On Tue, 18 Mar 2025 17:16:11 -0700
Dan Williams <dan.j.williams@intel.com> wrote:

> Fan Ni wrote:
> > On Tue, Mar 18, 2025 at 02:25:40PM -0700, Dan Williams wrote:  
> > > Dave Jiang wrote:  
> > > > 
> > > > 
> > > > On 3/14/25 9:40 AM, nifan.cxl@gmail.com wrote:  
> > > > > From: Fan Ni <fan.ni@samsung.com>
> > > > > 
> > > > > There is a sysfs attribute named "numa_node" for cxl memory device.
> > > > > however, it is never set so -1 is returned whenever it is read.
> > > > > 
> > > > > With this change, the numa_node of each target memdev is set based on the
> > > > > start address of the hpa_range of the endpoint decoder it associated when a
> > > > > cxl region is created; and it is reset when the region decoders are
> > > > > reset.
> > > > > 
> > > > > Open qeustion: do we need to set the numa_node when the memdev is
> > > > > probed instead of waiting until a region is created?  
> > > > 
> > > > Typically, the numa node for a PCI device should be dev_to_node(),
> > > > where the device resides.

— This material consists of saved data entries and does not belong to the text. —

definition rgcd :: "qpoly \<Rightarrow> real poly" where
  "rgcd p = gcd (gcd (qc0 p) (qc1 p)) (gcd (qc2 p) (qc3 p))"

text \<open>Dual quaternion polynomial C = P + eps D represented by the pair (P, D).
Motion polynomial: P \<noteq> 0 and P conj(D) + D conj(P) = 0.\<close>
definition motion_poly :: "qpoly \<Rightarrow> qpoly \<Rightarrow> bool" where
  "motion_poly P D \<longleftrightarrow> P \<noteq> qzero \<and> qadd (qmult P (qcnj D)) (qmult D (qcnj P)) = qzero"

definition line_poly :: "qpoly \<Rightarrow> qpoly \<Rightarrow> bool" where
  "line_poly Lp Ld \<longleftrightarrow> qvectorial Lp \<and> qvectorial Ld \<and>
     qadd (qmult Lp (qcnj Ld)) (qmult Ld (qcnj Lp)) = qzero \<and> Lp \<noteq> qzero"

definition three_eqs :: "qpoly \<Rightarrow> qpoly \<Rightarrow> real poly \<Rightarrow> qpoly \<Rightarrow> qpoly \<Rightarrow> bool" where
  "three_eqs P D h Lp Ld \<longleftrightarrow>
     qmult (qmult P qk) (qcnj P) = qscale h Lp \<and>
     qadd (qneg (qmult (qmult P qk) (qcnj D))) (qneg (qmult (qmult D qk) (qcnj P))) = qscale h Ld \<and>
     qadd (qmult P (qcnj D)) (qmult D (qcnj P)) = qzero"

end

theory Submission
  imports Defs
begin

So when the device is probed, it should be
> > > > set with that. See documentation [1]. Region should have its own NUMA
> > > > node based on phys_to_target_node() of the starting address.    
> > > 
> > > Right, the memdev node is the affinity of device-MMIO to a CPU. The
> > > HDM-memory that the device decodes may land in multiple proximity
> > > domains and is subject to CDAT, CXL QoS, HMAT Generic Port, etc...
> > > 
> > > If your memdev node is "NUMA_NO_NODE" then that likely means the
> > > affinity information for the PCI device is missing.
> > > 
> > > I would double check that first. See set_dev_node() in device_add().  
> > 
> > Thanks Dave and Dan for the explanation. 
> > Then the issue must be from qemu setup.
> > 
> > I added some debug code as below
> > ---------------------------------------------
> > fan:~/cxl/linux-fixes$ git diff
> > diff --git a/drivers/base/core.c b/drivers/base/core.c
> > index 5a1f05198114..c86a9eb58e99 100644
> > --- a/drivers/base/core.c
> > +++ b/drivers/base/core.c
> > @@ -3594,6 +3594,10 @@ int device_add(struct device *dev)
> >         if (kobj)
> >                 dev->kobj.parent = kobj;
> >  
> > +        dev_dbg(dev, "device: '%s': %s XX node %d\n", dev_name(dev), __func__, dev_to_node(dev));
> > +        if (parent) {
> > +                dev_dbg(parent, "parent device: '%s': %s XX node %d\n", dev_name(parent), __func__, dev_to_node(parent));
> > +        }
> >         /* use parent numa_node */
> >         if (parent && (dev_to_node(dev) == NUMA_NO_NODE))
> >                 set_dev_node(dev, dev_to_node(parent));
> > ---------------------------------------------
> > 
> > The output after loading cxl related drivers looks like below. All
> > numa_node is -1 in the cxl topology. 
> > 
> > Hi Jonathan,
> >    do I miss something in the qemu setup ??  
> 
> IIUC the typical expectation for communicating the affinity of PCI
> devices is an ACPI _PXM property for the host bridge object in the
> [DS]SDT. As far as I can see QEMU does not build _PXM information for
> its host bridges.
> 
First a side note.  _PXM on device is in theory also an option, but
long ago the 'fix' for that was reverted due to some really broken old
AMD platforms that put devices in non existent nodes. Hmm. I should
revisit that as I 'think' all the allocation with broken numa nodes
is long fixed (included an ACPI spec clarification so took a while!)
https://lore.kernel.org/linux-pci/20181211094737.71554-1-Jonathan.Cameron@huawei.com/

As for _PXM on host bridges, the gpex ACPI code does assign them for
PCI Expander Bridges, if you pass in the node
https://elixir.bootlin.com/qemu/v9.2.2/source/hw/pci-host/gpex-acpi.c#L178
(So we are good on ARM :)
https://elixir.bootlin.com/qemu/v9.2.2/source/hw/i386/acpi-build.c#L1533
does the same on x86. 

Those go via some indirections to a callback here:
https://elixir.bootlin.com/qemu/v9.2.2/source/hw/pci-bridge/pci_expander_bridge.c#L80

So set numa_node=X for each of your PXB instances.

Jonathan




      reply	other threads:[~2025-03-21 12:23 UTC|newest]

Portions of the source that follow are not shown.